[What you have to do]: Could you reproduce, from the records below, everything from the line with "ultimately show ?thesis using" down to the line with "k)) + (\<Sum>k<r.", keeping both of those lines and changing nothing?

[Data for the task]:
————————

lemma winding_number_cut_polygon:
  "winding_number (polygon_path cut r) a = (\<Sum>k<r. seg_winding a (P k) (P (Suc k)))"
proof -
  have shift: "(\<Sum>k<r. seg_winding a (P (Suc k)) (cut (Suc k)))
      = (\<Sum>k<r. seg_winding a (P k) (cut k))"
  proof -
    have "(\<Sum>k<Suc r. seg_winding a (P k) (cut k))
        = seg_winding a (P 0) (cut 0) + (\<Sum>k<r. seg_winding a (P (Suc k)) (cut (Suc k)))"
      by (rule sum.lessThan_Suc_shift)
    moreover have "P r = P 0" using P_periodic[of r] P_periodic[of 0] by simp
    ultimately show ?thesis using cut_closed by simp
  qed
  have "(\<Sum>k<r. seg_winding a (P k) (P (Suc k)))
      = (\<Sum>k<r. seg_winding a (P k) (cut k)) + (\<Sum>k<r. seg_winding a (cut k) (P (Suc k)))"
    by (simp add: seg_winding_step_split[symmetric] sum.distrib)
  also have "\<dots> = (\<Sum>k<r. seg_winding a (cut k) (P (Suc k)))
      + (\<Sum>k<r. seg_winding a (P (Suc k)) (cut (Suc k)))"
    using shift by simp
  also have "\<dots> = (\<Sum>k<r. seg_winding a (cut k) (cut (Suc k)))"
    by (simp add: seg_winding_corner_split[symmetric] sum.distrib)
  also have "\<dots> = winding_number (polygon_path cut r) a"
    using winding_number_polygon_path[OF _ face_notin_cut_polygon] length_ge_3 by simp
  finally show ?thesis ..
qed

lemma simple_path_cut_polygon: "simple_path (polygon_path cut r)"
proof (rule simple_path_polygon_path)
  show "2 \<le> r" using length_ge_3 by simp
  show "cut r = cut 0" by (rule cut_closed)
  show "i = j" if "i < r" "j < r" "cut i = cut j" for i j
    using step_mid_inj[OF that(1,2)] chart_cut[of i] chart_cut[of j] that(3) by simp
  show "closed_segment (cut i) (cut (Suc i)) \<inter> closed_segment (cut j) (cut (Suc j))
      \<subseteq> {cut i, cut (Suc i)} \<inter> {cut j, cut (Suc j)}"
    if "i < r" "j < r" "i \<noteq> j" for i j
  proof
    fix p assume p: "p \<in> closed_segment (cut i) (cut (Suc i))
        \<inter> closed_segment (cut j) (cut (Suc j))"
    then have "chart \<delta> a p \<in> closed_segment (step_mid i) (step_mid (Suc i))"
      "chart \<delta> a p \<in> closed_segment (step_mid j) (step_mid (Suc j))"
      using chart_closed_segment[of p] by (auto simp flip: chart_cut)
    then have "chart \<delta> a p \<in> {step_mid i, step_mid (Suc i)} \<inter> {step_mid j, step_mid (Suc j)}"
      using cut_segments_meet_at_ends[OF that] by blast
    then show "p \<in> {cut i, cut (Suc i)} \<inter> {cut j, cut (Suc j)}"
      using inj_chart by (auto simp flip: chart_cut simp: inj_eq)
  qed
qed

end

context lattice_domain
begin

theorem winding_number_noncrossing_loop:
  assumes A: "A \<subseteq> half_edges \<delta> F" and nl: "noncrossing_loop A l"
  shows "winding_number (polypath l) a \<in> {-1, 0, 1}"
proof -
  have tr: "trail_in A l" and closed: "hd l = last l" using nl by (auto simp: noncrossing_loop_def)
  have len: "2 \<le> length l" using tr by (simp add: trail_in_def)
  define r where "r = length l - 1"
  interpret domain_loop \<delta> F a "cyclic_nth l" r
    unfolding r_def
    by (intro domain_loop.intro lattice_domain_axioms lattice_loop_noncrossing_loop[OF A nl])
  have less: "cyclic_nth l k = l ! k" "cyclic_nth l (Suc k) = l ! Suc k" if "k < r" for k
    using that len closed by (simp_all add: r_def cyclic_nth_less cyclic_nth_Suc_less)
  have "l \<noteq> []" using len by auto
  moreover have "a \<notin> path_image (polypath l)"
  proof -
    have "last l = cyclic_nth l 0"
      using \<open>l \<noteq> []\<close> by (simp add: cyclic_nth_def hd_conv_nth flip: closed)
    then have "a \<noteq> last l" using step_avoids_face[of 0] by auto
    moreover have "a \<notin> closed_segment (l ! k) (l ! Suc k)" if "k < r" for k
      using step_avoids_face[of k] less[OF that] by simp
    ultimately show ?thesis by (auto simp: path_image_polypath[OF \<open>l \<noteq> []\<close>] r_def)
  qed
  ultimately have "winding_number (polypath l) a
      = (\<Sum>k<r. seg_winding a (cyclic_nth l k) (cyclic_nth l (Suc k)))"
    by (simp add: winding_number_polypath less r_def)
  also have "\<dots> = winding_number (polygon_path cut r) a"
    by (rule winding_number_cut_polygon[symmetric])
  also have "\<dots> \<in> {-1, 0, 1}"
    using simple_closed_path_winding_number_cases[OF simple_path_cut_polygon _
        face_notin_cut_polygon]
      cut_closed by (simp add: polygon_path_start polygon_path_finish)
  finally show ?thesis .
qed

————————

[Solution to this task]:
    ultimately show ?thesis using cut_closed by simp
  qed
  have "(\<Sum>k<r. seg_winding a (P k) (P (Suc k)))
      = (\<Sum>k<r. seg_winding a (P k) (cut k)) + (\<Sum>k<r. seg_winding a (cut k) (P (Suc k)))"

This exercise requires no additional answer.